Some come for two weeks, others zip around the North Coast 500 in a couple of days, admiring the emptiness of the Highlands from the tail-end of a motorhome queue. Then most of them leave.
In an independent Scotland, it could be so different.
Before we can have glens fit for the future, though, there are big issues to sort out, not least of which is that the land is currently neither affordable nor available – and as long as Scotland remains locked in a dance with its feudal past, nothing can change.
More than 400 years ago and before the advent of “the Great Sheep” to the Highlands, Timothy Pont’s maps showed Scotland’s glens were well populated with townships and summer sheilings in a delicate ecological balance.
We need to restore that.
In Professor Jim Hunter’s words: “There are millions of acres in the Highlands doing not an awful lot, producing not very much. When you think a very small plot … in many parts of the Highlands would sell for £100,000, there is something completely bizarre … when there is so much empty land.”
However, until we achieve an independent Scotland, and a new confidence to embrace radical ideas like Annual Ground Rent as our baseline revenue, we’ll not free ourselves from the straitjacket of the landed-gentry and their rigid class system.
As an architect, I’m not looking for an off-grid nirvana, but simply a formula to reconnect 21st-century lifestyles with nature and the use of appropriate local resources such as wind farms. There’s certainly no shortage of technical solutions available.
The technically refined timber systems for which Scotland has an enviable reputation would allow a range of house-sizes for singletons and intergenerational extended families, and all homes would be designed as close to zero-energy standards as possible. By using clusters and courtyards, we could avoid introducing suburban blight into these glorious spaces, so they’re designed for people, not cars.
Sheltered pockets of outdoor space using free-standing stone walls could anchor the settlements in the natural landscape to reference the traditional cottages and farmsteads left behind.
Glens of the Future will be populated by home workers, supported by satellite WiFi and self-sufficient with homegrown food.

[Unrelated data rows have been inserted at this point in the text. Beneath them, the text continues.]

(* Consider the drift-less setting with target $\rho_d=|\Psi\rangle\langle\Psi|$, and suppose $\rho_d$ is not DQLS. Suppose a QL Hamiltonian $H_c$ and QL noise operators $\{D_k\}$, in standard form with respect to $|\Psi\rangle$ ($D_k|\Psi\rangle=0$ for all $k$, $H_c|\Psi\rangle=h|\Psi\rangle$ with $h\in\mathbb R$), make $\rho_d$ GAS for $\mathcal L(H_c,\{D_k\})$. Then $\mathcal H_d=\mathrm{span}\{|\Psi\rangle\}$ is invariant under $H_c$, and there is no nonzero subspace $\mathcal K\subseteq\mathcal H_0$ with $\mathcal K\neq\mathcal H_d$ and $H_c\mathcal K\subseteq\mathcal K$. Moreover, $H_c'=H_c-hI$ is a QL Hamiltonian with $H_c'|\Psi\rangle=0$ and $\rho_d$ is GAS for $\mathcal L(H_c',\{D_k\})$.
   Context: $\mathcal H=\bigotimes_{a=1}^n\mathcal H_a$ finite-dimensional with neighborhoods $\mathcal N_k\subsetneq\{1,\dots,n\}$. QL operator: $X_{\mathcal N_k}\otimes I_{\bar{\mathcal N}_k}$; QL Hamiltonian: sum of Hermitian QL operators. $\mathcal L(H,\{D_k\})(\rho)=-i[H,\rho]+\sum_k(D_k\rho D_k^\dagger-\frac12\{D_k^\dagger D_k,\rho\})$. GAS: $e^{\mathcal Lt}(\rho_0)\to\rho_d$ for every density operator $\rho_0$. $\rho_d$ is DQLS if there exist QL operators $D_k$ with $D_k|\Psi\rangle=0$ making $\rho_d$ GAS for $\mathcal L(0,\{D_k\})$. With $\rho_{\mathcal N_k}=\mathrm{Tr}_{\bar{\mathcal N}_k}\rho_d$, define $\mathcal H_0=\bigcap_k\mathrm{supp}(\rho_{\mathcal N_k}\otimes I_{\bar{\mathcal N}_k})$. *)

theory Defs
  imports "HOL-Analysis.Analysis"
begin

text \<open>The global Hilbert space is complex^'c, where the finite basis index type 'c
is identified with the product of local basis sets via a coordinate map
coord :: 'c => ('s => 'l), 's being the (finite) set of sites and L a the basis
of the local space at site a.\<close>

definition tensor_coords :: "('c \<Rightarrow> 's \<Rightarrow> 'l) \<Rightarrow> ('s \<Rightarrow> 'l set) \<Rightarrow> bool" where
  "tensor_coords coord L \<longleftrightarrow> bij_betw coord UNIV (Pi UNIV L)"

definition mat_adj :: "complex^'c^'c \<Rightarrow> complex^'c^'c" where
  "mat_adj A = (\<chi> i j. cnj (A $ j $ i))"

definition hermitian :: "complex^'c^'c \<Rightarrow> bool" where
  "hermitian A \<longleftrightarrow> mat_adj A = A"

definition cmscale :: "complex \<Rightarrow> complex^'c^'c \<Rightarrow> complex^'c^'c" where
  "cmscale c A = (\<chi> i j. c * A $ i $ j)"

definition cm_trace :: "complex^'c^'c \<Rightarrow> complex" where
  "cm_trace A = (\<Sum>i\<in>UNIV. A $ i $ i)"

definition qform :: "complex^'c^'c \<Rightarrow> complex^'c \<Rightarrow> complex" where
  "qform A v = (\<Sum>i\<in>UNIV. \<Sum>j\<in>UNIV. cnj (v $ i) * A $ i $ j * v $ j)"

definition density_op :: "complex^'c^'c \<Rightarrow> bool" where
  "density_op A \<longleftrightarrow> hermitian A \<and> (\<forall>v. 0 \<le> Re (qform A v)) \<and> cm_trace A = 1"

definition lindblad :: "complex^'c^'c \<Rightarrow> (complex^'c^'c) list \<Rightarrow> complex^'c^'c \<Rightarrow> complex^'c^'c" where
  "lindblad H Ds \<rho> =
     cmscale (- \<i>) (H ** \<rho> - \<rho> ** H) +
     (\<Sum>D\<leftarrow>Ds. D ** \<rho> ** mat_adj D
               - cmscale (1/2) (mat_adj D ** D ** \<rho> + \<rho> ** (mat_adj D ** D)))"

definition evolve :: "(complex^'c^'c \<Rightarrow> complex^'c^'c) \<Rightarrow> real \<Rightarrow> complex^'c^'c \<Rightarrow> complex^'c^'c" where
  "evolve Lop t \<rho> = (\<Sum>n. (t ^ n / fact n) *\<^sub>R ((Lop ^^ n) \<rho>))"

definition GAS :: "(complex^'c^'c \<Rightarrow> complex^'c^'c) \<Rightarrow> complex^'c^'c \<Rightarrow> bool" where
  "GAS Lop \<rho>d \<longleftrightarrow> (\<forall>\<rho>0. density_op \<rho>0 \<longrightarrow> ((\<lambda>t. evolve Lop t \<rho>0) \<longlongrightarrow> \<rho>d) at_top)"

definition proj :: "complex^'c \<Rightarrow> complex^'c^'c" where
  "proj \<Psi> = (\<chi> i j. \<Psi> $ i * cnj (\<Psi> $ j))"

definition unit_vec :: "complex^'c \<Rightarrow> bool" where
  "unit_vec \<Psi> \<longleftrightarrow> (\<Sum>i\<in>UNIV. (cmod (\<Psi> $ i))\<^sup>2) = 1"

definition agree_out :: "('c \<Rightarrow> 's \<Rightarrow> 'l) \<Rightarrow> 's set \<Rightarrow> 'c \<Rightarrow> 'c \<Rightarrow> bool" where
  "agree_out coord N c c' \<longleftrightarrow> (\<forall>a. a \<notin> N \<longrightarrow> coord c a = coord c' a)"

definition agree_on :: "('c \<Rightarrow> 's \<Rightarrow> 'l) \<Rightarrow> 's set \<Rightarrow> 'c \<Rightarrow> 'c \<Rightarrow> bool" where
  "agree_on coord N c c' \<longleftrightarrow> (\<forall>a\<in>N. coord c a = coord c' a)"

text \<open>M = X_N \<otimes> I_{complement of N}.\<close>
definition is_local :: "('c \<Rightarrow> 's \<Rightarrow> 'l) \<Rightarrow> 's set \<Rightarrow> complex^'c^'c \<Rightarrow> bool" where
  "is_local coord N M \<longleftrightarrow> (\<exists>X. \<forall>c c'. M $ c $ c' =
      (if agree_out coord N c c' then X (restrict (coord c) N) (restrict (coord c') N) else 0))"

definition QL_op :: "('c \<Rightarrow> 's \<Rightarrow> 'l) \<Rightarrow> ('k \<Rightarrow> 's set) \<Rightarrow> complex^'c^'c \<Rightarrow> bool" where
  "QL_op coord Nb M \<longleftrightarrow> (\<exists>k. is_local coord (Nb k) M)"

definition QL_ham :: "('c \<Rightarrow> 's \<Rightarrow> 'l) \<Rightarrow> ('k \<Rightarrow> 's set) \<Rightarrow> complex^'c^'c \<Rightarrow> bool" where
  "QL_ham coord Nb H \<longleftrightarrow>
     (\<exists>Hs. (\<forall>X\<in>set Hs. hermitian X \<and> QL_op coord Nb X) \<and> H = sum_list Hs)"

definition DQLS :: "('c \<Rightarrow> 's \<Rightarrow> 'l) \<Rightarrow> ('k \<Rightarrow> 's set) \<Rightarrow> complex^'c \<Rightarrow> bool" where
  "DQLS coord Nb \<Psi> \<longleftrightarrow>
     (\<exists>Ds. (\<forall>D\<in>set Ds. QL_op coord Nb D \<and> D *v \<Psi> = 0) \<and> GAS (lindblad 0 Ds) (proj \<Psi>))"

text \<open>rho_N \<otimes> I, where rho_N is the partial trace of rho over the complement of N.\<close>
definition ptr_ext :: "('c \<Rightarrow> 's \<Rightarrow> 'l) \<Rightarrow> 's set \<Rightarrow> complex^'c^'c \<Rightarrow> complex^'c^'c" where
  "ptr_ext coord N \<rho> = (\<chi> c c'.
     if agree_out coord N c c'
     then (\<Sum>(e, e')\<in>{(e, e'). agree_on coord N e c \<and> agree_on coord N e' c' \<and> agree_out coord N e e'}.
             \<rho> $ e $ e')
     else 0)"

The technology already exists.
There’s the bio-dome of the Eden project, not unlike a huge poly tunnel, made from material that weighs less than 1% of glass, is strong, transparent and a good insulator. These could support a range of fruit and veg grown on vertical frames fed by hydroponics – as demonstrated in pilot projects by Intelligent Growth Solutions in Inverkeithing.
If pineapples can grow in Cornwall’s domes – and tomatoes can grow in similar domes in sub-Arctic Iceland – how’s about Strathdearn pineapples with minimal food miles?
Biogas derived from the harvesting of vacuum toilets (used in planes) could heat the domes and water and, carefully managed with state-of-the-art graphene filters, would help minimise the community’s footprint.
This horticulture would sit alongside goats, sheep and pigs. We could have a buy, swap and sell market between different glen communities – just like the barter system of old. And shared mobile slaughterhouse facilities.
Refugees, whether fleeing war and persecution or merely escaping the pressures of urban life, could connect with young locals hoping to avoid the trek to the cities, and live together with a rootedness on the land that’s evaded previous generations.
I’d envisage a Re-imagined Highland Glens Authority in the new independent Scotland to kick it all off – and let new life emerge in Coignafeuinternich and all of Scotland’s other empty glens.